Source material Block Start
lemma spans_meets_elbow_interior_corner:
  assumes W: "box_connected W" and S: "spans S W"
    and lt: "px < qx" "py < qy" and ends: "(px, py) \<notin> interior W" "(qx, qy) \<notin> interior W"
    and corner: "(qx, py) \<in> interior W"
    and vh: "elbow_vh (px, py) (qx, qy) \<inter> interior W \<noteq> {}"
  shows "S \<inter> elbow_hv (px, py) (qx, qy) \<noteq> {}"
proof -
  have "(\<forall>z\<in>W. \<not> (fst z < px \<and> snd z < py)) \<or> (\<forall>z\<in>W. \<not> (fst z < px \<and> py < snd z))"
    using quadrant_free_left[OF W corner, of "(px, py)"] ends lt by auto
  moreover have "(\<forall>z\<in>W. \<not> (fst z < qx \<and> qy < snd z)) \<or> (\<forall>z\<in>W. \<not> (qx < fst z \<and> qy < snd z))"
    using quadrant_free_above[OF W corner, of "(qx, qy)"] ends lt by auto
  ultimately obtain U V where UV: "open U" "open V" "U \<inter> V \<inter> W = {}"
    "W - elbow_hv (px, py) (qx, qy) \<subseteq> U \<union> V"
    "{z. fst z < qx \<and> py < snd z} \<subseteq> U" "{z. snd z < py} \<subseteq> V"
    "(\<exists>z\<in>W. fst z < qx \<and> qy < snd z) \<Longrightarrow> {z. qy < snd z} \<subseteq> U"
    using elbow_hv_separates[OF lt] by blast
  obtain sB sT where sB: "sB \<in> S" "\<And>z. z \<in> W \<Longrightarrow> snd sB \<le> snd z"
    and sT: "sT \<in> S" "\<And>z. z \<in> W \<Longrightarrow> snd z \<le> snd sT"
    using S unfolding spans_def by blast
  have "S \<inter> U \<noteq> {} \<or> S \<inter> elbow_hv (px, py) (qx, qy) \<noteq> {}"
  proof (cases "(px, qy) \<in> interior W")
    case True
    then obtain e where e: "e > 0" "(px, qy + e) \<in> W"
      by (rule interior_vertical_neighbours) simp
    then have "sT \<in> U" using UV(7) sT(2)[OF e(2)] lt by force
    then show ?thesis using sT(1) by blast
  next
    case False
    obtain w where w: "w \<in> elbow_vh (px, py) (qx, qy)" "w \<in> interior W" using vh by blast
    then consider "w \<in> closed_segment (px, py) (px, qy)" | "w \<in> closed_segment (px, qy) (qx, qy)"
      by (auto simp: elbow_vh_def)
    then show ?thesis
    proof cases
      case 1
      then have "S \<inter> closed_segment (px, py) (px, qy) \<noteq> {}"
        by (intro spans_meets_axis_segment[OF W S]) (use ends(1) False w(2) in auto)
      then obtain v where v: "v \<in> S" "v \<in> closed_segment (px, py) (px, qy)" by blast
      then have "fst v = px" "py \<le> snd v"
        using lt by (auto simp: closed_segment_vertical in_closed_segment_real mem_Times_iff)
      then have "v \<in> U \<or> v = (px, py)" using lt UV(5) by (auto simp: prod_eq_iff)
      then show ?thesis using v(1) by (auto simp: elbow_hv_def)
    next
      case 2
      then have "S \<inter> closed_segment (px, qy) (qx, qy) \<noteq> {}"
        by (intro spans_meets_axis_segment[OF W S]) (use ends(2) False w(2) in auto)
      then obtain v where v: "v \<in> S" "v \<in> closed_segment (px, qy) (qx, qy)" by blast
      then have "snd v = qy" "fst v \<le> qx"
        using lt by (auto simp: closed_segment_horizontal in_closed_segment_real mem_Times_iff)
      then have "v \<in> U \<or> v = (qx, qy)" using lt UV(5) by (auto simp: prod_eq_iff)
      then show ?thesis using v(1) by (auto simp: elbow_hv_def)
    qed
  qed
  moreover have "S \<inter> V \<noteq> {}"
  proof -
    obtain e where "e > 0" "(qx, py - e) \<in> W"
      using corner by (rule interior_vertical_neighbours) simp
    then show ?thesis using sB UV(6) by force
  qed
  ultimately show ?thesis
    using connected_meets_separator[of S W U V] UV(1-4) S by (auto simp: spans_def)
qed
Source material Block End
Problem to solve: Give back every line of the data exactly as it was written.

Answer:
lemma spans_meets_elbow_interior_corner:
  assumes W: "box_connected W" and S: "spans S W"
    and lt: "px < qx" "py < qy" and ends: "(px, py) \<notin> interior W" "(qx, qy) \<notin> interior W"
    and corner: "(qx, py) \<in> interior W"
    and vh: "elbow_vh (px, py) (qx, qy) \<inter> interior W \<noteq> {}"
  shows "S \<inter> elbow_hv (px, py) (qx, qy) \<noteq> {}"
proof -
  have "(\<forall>z\<in>W. \<not> (fst z < px \<and> snd z < py)) \<or> (\<forall>z\<in>W. \<not> (fst z < px \<and> py < snd z))"
    using quadrant_free_left[OF W corner, of "(px, py)"] ends lt by auto
  moreover have "(\<forall>z\<in>W. \<not> (fst z < qx \<and> qy < snd z)) \<or> (\<forall>z\<in>W. \<not> (qx < fst z \<and> qy < snd z))"
    using quadrant_free_above[OF W corner, of "(qx, qy)"] ends lt by auto
  ultimately obtain U V where UV: "open U" "open V" "U \<inter> V \<inter> W = {}"
    "W - elbow_hv (px, py) (qx, qy) \<subseteq> U \<union> V"
    "{z. fst z < qx \<and> py < snd z} \<subseteq> U" "{z. snd z < py} \<subseteq> V"
    "(\<exists>z\<in>W. fst z < qx \<and> qy < snd z) \<Longrightarrow> {z. qy < snd z} \<subseteq> U"
    using elbow_hv_separates[OF lt] by blast
  obtain sB sT where sB: "sB \<in> S" "\<And>z. z \<in> W \<Longrightarrow> snd sB \<le> snd z"
    and sT: "sT \<in> S" "\<And>z. z \<in> W \<Longrightarrow> snd z \<le> snd sT"
    using S unfolding spans_def by blast
  have "S \<inter> U \<noteq> {} \<or> S \<inter> elbow_hv (px, py) (qx, qy) \<noteq> {}"
  proof (cases "(px, qy) \<in> interior W")
    case True
    then obtain e where e: "e > 0" "(px, qy + e) \<in> W"
      by (rule interior_vertical_neighbours) simp
    then have "sT \<in> U" using UV(7) sT(2)[OF e(2)] lt by force
    then show ?thesis using sT(1) by blast
  next
    case False
    obtain w where w: "w \<in> elbow_vh (px, py) (qx, qy)" "w \<in> interior W" using vh by blast
    then consider "w \<in> closed_segment (px, py) (px, qy)" | "w \<in> closed_segment (px, qy) (qx, qy)"
      by (auto simp: elbow_vh_def)
    then show ?thesis
    proof cases
      case 1
      then have "S \<inter> closed_segment (px, py) (px, qy) \<noteq> {}"
        by (intro spans_meets_axis_segment[OF W S]) (use ends(1) False w(2) in auto)
      then obtain v where v: "v \<in> S" "v \<in> closed_segment (px, py) (px, qy)" by blast
      then have "fst v = px" "py \<le> snd v"
        using lt by (auto simp: closed_segment_vertical in_closed_segment_real mem_Times_iff)
      then have "v \<in> U \<or> v = (px, py)" using lt UV(5) by (auto simp: prod_eq_iff)
      then show ?thesis using v(1) by (auto simp: elbow_hv_def)
    next
      case 2
      then have "S \<inter> closed_segment (px, qy) (qx, qy) \<noteq> {}"
        by (intro spans_meets_axis_segment[OF W S]) (use ends(2) False w(2) in auto)
      then obtain v where v: "v \<in> S" "v \<in> closed_segment (px, qy) (qx, qy)" by blast
      then have "snd v = qy" "fst v \<le> qx"
        using lt by (auto simp: closed_segment_horizontal in_closed_segment_real mem_Times_iff)
      then have "v \<in> U \<or> v = (qx, qy)" using lt UV(5) by (auto simp: prod_eq_iff)
      then show ?thesis using v(1) by (auto simp: elbow_hv_def)
    qed
  qed
  moreover have "S \<inter> V \<noteq> {}"
  proof -
    obtain e where "e > 0" "(qx, py - e) \<in> W"
      using corner by (rule interior_vertical_neighbours) simp
    then show ?thesis using sB UV(6) by force
  qed
  ultimately show ?thesis
    using connected_meets_separator[of S W U V] UV(1-4) S by (auto simp: spans_def)
qed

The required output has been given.